The obsolete medical terms Mongolian idiocy and Mongolism referred to a specific type of mental deficiency, associated with the genetic disorder now known as Down syndrome. The obsolete term for a person with this syndrome was Mongolian idiot.

In the 21st century, these terms are no longer used as medical terminology, deemed an unacceptable, offensive and misleading description of those with Down's syndrome. The terminology change was brought about both by scientific and medical experts, as well as people of Asian ancestry, including those from Mongolia.

The stand-alone term "idiot" itself has a similar history of meaning and connotation change.

"Idiot" as a former technical term

While the term "idiot" is, in the present day, not used in a medical, legal or psychiatric context, instead meaning a stupid or foolish person, the term previously held meaning as a technical term used in both legal and psychiatric contexts for some type of profound intellectual disability, wherein the disabled person's mental age was considered to be two years or less. Along with terms like "moron", "imbecile", and "cretin", "idiot" has become an archaic description in legal, medical and psychiatric contexts, becoming instead an offensive term deemed outdated and discriminatory towards those it was once used to describe.

The term was gradually replaced with "profound mental retardation", which has since experienced euphemistic evolution and been gradually replaced with other terms.

History
John Langdon Down first characterized the syndrome that now bears his name as a distinguishable form of mental disability in 1862, and in a more widely published report in 1866. Due to his perception that children with Down's syndrome shared facial similarities with the populations that German physician Johann Friedrich Blumenbach described as the "Mongolian race", Down used the term "mongoloid" in his characterisation of those with Down's syndrome.

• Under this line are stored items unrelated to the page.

(* Let $X\in\mathbb{R}^{n\times d}$ with rows $x_1,\dots,x_n$, weighted by $w\in\mathbb{R}^n_{>0}$, be $\mu$-complex, let $\mathcal{W}=\sum_{j=1}^n w_j$, and let $U$ be a matrix whose $d$ (or fewer) columns form an orthonormal basis of the column space of $D_wX$, with rows $U_i$. Then for every $i\in[n]$ the sensitivity satisfies $\varsigma_i\le s_i:=(20+2\mu)\left(\|U_i\|_2+w_i/\mathcal{W}\right)$, and the total sensitivity satisfies $\mathfrak{S}=\sum_{i=1}^n\varsigma_i\le S:=\sum_{i=1}^n s_i\le 44\mu\sqrt{nd}$.
   Context: $g(z)=\ln(1+e^z)$ and $f_w(X\beta)=\sum_{j=1}^n w_j g(x_j\beta)$. The sensitivity of the $i$-th point is $\varsigma_i=\sup_{\beta\in\mathbb{R}^d}\frac{w_i g(x_i\beta)}{f_w(X\beta)}$. $D_w$ is the diagonal matrix with $(D_w)_{ii}=w_i$. For a vector $v$, $v^+$ and $v^-$ denote the vectors of its positive and negative entries. $\mu_w(X)=\sup_{\beta:\,D_wX\beta\neq0}\|(D_wX\beta)^+\|_1/\|(D_wX\beta)^-\|_1$, and $X$ weighted by $w$ is $\mu$-complex if $\mu_w(X)\le\mu$ (note $\mu_w(X)\ge 1$ by symmetry $\beta\mapsto-\beta$). *)

theory Defs
  imports "HOL-Analysis.Analysis"
begin

text \<open>Matrices are explicit: X is n x d given by X i l for i < n, l < d;
  vectors in R^d are functions nat => real (only entries below d matter).\<close>

definition g :: "real \<Rightarrow> real" where
  "g z = ln (1 + exp z)"

definition matvec :: "nat \<Rightarrow> (nat \<Rightarrow> nat \<Rightarrow> real) \<Rightarrow> (nat \<Rightarrow> real) \<Rightarrow> nat \<Rightarrow> real" where
  "matvec d X \<beta> i = (\<Sum>l<d. X i l * \<beta> l)"

definition f_w :: "nat \<Rightarrow> nat \<Rightarrow> (nat \<Rightarrow> real) \<Rightarrow> (nat \<Rightarrow> nat \<Rightarrow> real) \<Rightarrow> (nat \<Rightarrow> real) \<Rightarrow> real" where
  "f_w n d w X \<beta> = (\<Sum>j<n. w j * g (matvec d X \<beta> j))"

definition sensitivity :: "nat \<Rightarrow> nat \<Rightarrow> (nat \<Rightarrow> real) \<Rightarrow> (nat \<Rightarrow> nat \<Rightarrow> real) \<Rightarrow> nat \<Rightarrow> real" where
  "sensitivity n d w X i = (SUP \<beta>. w i * g (matvec d X \<beta> i) / f_w n d w X \<beta>)"

definition DwXb :: "nat \<Rightarrow> (nat \<Rightarrow> real) \<Rightarrow> (nat \<Rightarrow> nat \<Rightarrow> real) \<Rightarrow> (nat \<Rightarrow> real) \<Rightarrow> nat \<Rightarrow> real" where
  "DwXb d w X \<beta> j = w j * matvec d X \<beta> j"

definition pos_norm1 :: "nat \<Rightarrow> (nat \<Rightarrow> real) \<Rightarrow> real" where
  "pos_norm1 n v = (\<Sum>j<n. max 0 (v j))"

definition neg_norm1 :: "nat \<Rightarrow> (nat \<Rightarrow> real) \<Rightarrow> real" where
  "neg_norm1 n v = (\<Sum>j<n. max 0 (- v j))"

text \<open>mu_w(X) as an extended real (a ratio with zero denominator is +infinity).\<close>
definition mu_w :: "nat \<Rightarrow> nat \<Rightarrow> (nat \<Rightarrow> real) \<Rightarrow> (nat \<Rightarrow> nat \<Rightarrow> real) \<Rightarrow> ereal" where
  "mu_w n d w X = (SUP \<beta> \<in> {\<beta>. \<exists>j<n. DwXb d w X \<beta> j \<noteq> 0}.
       ereal (pos_norm1 n (DwXb d w X \<beta>)) / ereal (neg_norm1 n (DwXb d w X \<beta>)))"
text \<open>Homogeneous polynomial of degree d in the variables z_0..z_n (the zero polynomial
  counts as homogeneous of every degree).\<close>
definition hom_poly :: "nat \<Rightarrow> nat \<Rightarrow> nat cpoly \<Rightarrow> bool" where
  "hom_poly n d P \<longleftrightarrow> (\<forall>\<alpha>\<in>Poly_Mapping.keys P. Poly_Mapping.keys \<alpha> \<subseteq> {0..n} \<and> (\<Sum>j\<in>Poly_Mapping.keys \<alpha>. Poly_Mapping.lookup \<alpha> j) = d)"

text \<open>Points of C^(n+1), as functions vanishing beyond index n.\<close>
definition cpt :: "nat \<Rightarrow> (nat \<Rightarrow> complex) \<Rightarrow> bool" where
  "cpt n p \<longleftrightarrow> (\<forall>j>n. p j = 0)"

text \<open>The space V = C[z_0..z_n]_k^(N+1): tuples psi_0..psi_N (psi i = 0 for i > N).\<close>
definition Vsp :: "nat \<Rightarrow> nat \<Rightarrow> nat \<Rightarrow> (nat \<Rightarrow> nat cpoly) set" where
  "Vsp n N k = {\<psi>. (\<forall>i\<le>N. hom_poly n k (\<psi> i)) \<and> (\<forall>i>N. \<psi> i = 0)}"

text \<open>Linear coordinates on V: the coefficients.\<close>
definition Vcoords :: "(nat \<Rightarrow> nat cpoly) \<Rightarrow> (nat \<times> (nat \<Rightarrow>\<^sub>0 nat)) \<Rightarrow> complex" where
  "Vcoords \<psi> = (\<lambda>(i, \<alpha>). Poly_Mapping.lookup (\<psi> i) \<alpha>)"

text \<open>V^(1): the components do not simultaneously vanish on any hypersurface of P^n,
  i.e. on the zero locus of a nonzero homogeneous polynomial of positive degree.\<close>
definition V1 :: "nat \<Rightarrow> nat \<Rightarrow> nat \<Rightarrow> (nat \<Rightarrow> nat cpoly) set" where
  "V1 n N k = {\<psi>\<in>Vsp n N k. \<not> (\<exists>d f. d \<ge> 1 \<and> hom_poly n d f \<and> f \<noteq> 0 \<and>
       (\<forall>p. cpt n p \<and> p \<noteq> (\<lambda>_. 0) \<and> cpoly_eval f p = 0 \<longrightarrow> (\<forall>i\<le>N. cpoly_eval (\<psi> i) p = 0)))}"
lemma all_units_square_cong_1_iff:
  fixes m :: nat
  assumes "0 < m"
  shows "(\<forall>l \<in> unitsmod m. [l ^ 2 = 1] (mod m)) \<longleftrightarrow> (\<exists>t s. t \<le> 3 \<and> s \<le> 1 \<and> m = 2 ^ t * 3 ^ s)"
proof
  assume all: "\<forall>l \<in> unitsmod m. [l ^ 2 = 1] (mod m)"
  have "m dvd 24"
  proof (rule ccontr)
    assume "\<not> m dvd 24"
    then obtain l where "coprime l m" and "\<not> [l ^ 2 = 1] (mod m)"
      using exists_coprime_not_square_cong_1[OF assms] by blast
    moreover have "l mod m \<in> unitsmod m"
      using assms \<open>coprime l m\<close> by (simp add: unitsmod_def)
    ultimately show False
      using all by (metis cong_def power_mod)
  qed
  then show "\<exists>t s. t \<le> 3 \<and> s \<le> 1 \<and> m = 2 ^ t * 3 ^ s"
    by (rule dvd_24_imp_2_power_3_power)
next
  assume "\<exists>t s. t \<le> 3 \<and> s \<le> 1 \<and> m = 2 ^ t * 3 ^ s"
  then obtain t s where "t \<le> 3" "s \<le> 1" and m: "m = 2 ^ t * 3 ^ s"
    by blast
  show "\<forall>l \<in> unitsmod m. [l ^ 2 = 1] (mod m)"
    unfolding unitsmod_def m
    using square_cong_1_mod_2_power_3_power[OF \<open>t \<le> 3\<close> \<open>s \<le> 1\<close>] by blast
qed
theorem lemma5p7:
  fixes t1 t2 :: topo
    and f :: "nat list \<Rightarrow> nat list"
    and q q' :: "('pkt, 'rk::linorder) ptree"
    and pkt :: 'pkt
  assumes "embedding f t1 t2"
    and "is_ptree t1 q"
    and "pop q = Some (pkt, q')"
  shows "pop (lift t1 t2 f q) = Some (pkt, lift t1 t2 f q')"
  using assms
proof (induction t1 t2 f q arbitrary: pkt q' rule: lift.induct)
  case (2 ts t2 f qs p)
  obtain i p' c where pop: "pifo_pop p = Some (i, p')" and i: "1 \<le> i" "i \<le> length ts"
    and child: "pop (qs ! (i - 1)) = Some (pkt, c)" and q': "q' = Internal (qs[i - 1 := c]) p'"
    using "2.prems"(2,3) by (auto split: option.splits if_splits)
  have len: "length qs = length ts" using "2.prems"(2) by simp
  define lift_child where "lift_child Q k =
    lift (ts ! (k - 1)) (subtopo t2 (f [k])) (sub_emb f k) (Q ! (k - 1))"
    for Q :: "('pkt, 'rk) ptree list" and k
  have "pop (lift_child qs i) = Some (pkt, lift_child (qs[i - 1 := c]) i)"
    unfolding lift_child_def
    using "2.IH"[OF _ embedding_sub_emb[OF "2.prems"(1) i] _ child] "2.prems"(2) i len
    by (simp add: list_all2_conv_all_nth set_upt)
  moreover have
    "(map (lift_child qs) [1..<Suc (length ts)])[i - 1 := lift_child (qs[i - 1 := c]) i] =
      map (lift_child (qs[i - 1 := c])) [1..<Suc (length ts)]"
    using i by (intro map_upt_list_update) (auto simp: lift_child_def)
  moreover have "lift (Node ts) t2 f (Internal Q P) =
      build t2 [] f (length ts) (map (lift_child Q) [1..<Suc (length ts)]) P" for Q P
    unfolding lift_child_def by simp
  ultimately show ?case
    using pop_build_root[OF "2.prems"(1) pop i, of "map (lift_child qs) [1..<Suc (length ts)]"] i
    unfolding q' by simp
qed simp_all

end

The term continued its usage into the 20th century, with a study published in 1908 by W. Bertram Hill bearing the name Mongolism and its Pathology. The term "mongolism" was used by English psychiatrist and geneticist Lionel Penrose as late as 1961.

F. G. Crookshank published a pseudoscientific book in 1924 named The Mongol in our Midst which suggested that the syndrome was due to genetic traits literally inherited from Mongoloid races.

Rock band Devo released a song titled "Mongoloid" in 1977, describing a man with Down Syndrome.

Deprecation and depreciation of the term
In 1961, genetic experts wrote a joint letter to the medical journal The Lancet which read:

In 1965, WHO resolved to abandon the term at the request of the Mongolian People's Republic. Despite decades of inaction to change the term and resistance to abandoning it, the term thereafter began to fade from use, in favor of its replacement, Down's Syndrome, Down syndrome and Trisomy 21 disorder.

However, the term "Mongolian idiocy" was reported as continuing in use at least 15 years after the WHO's decision to abandon it; in his book The Panda's Thumb, published in 1980, paleontologist Stephen Jay Gould reported that the term "mongolism" was still commonly used in the United States, despite being "defamatory" and "wrong on all counts".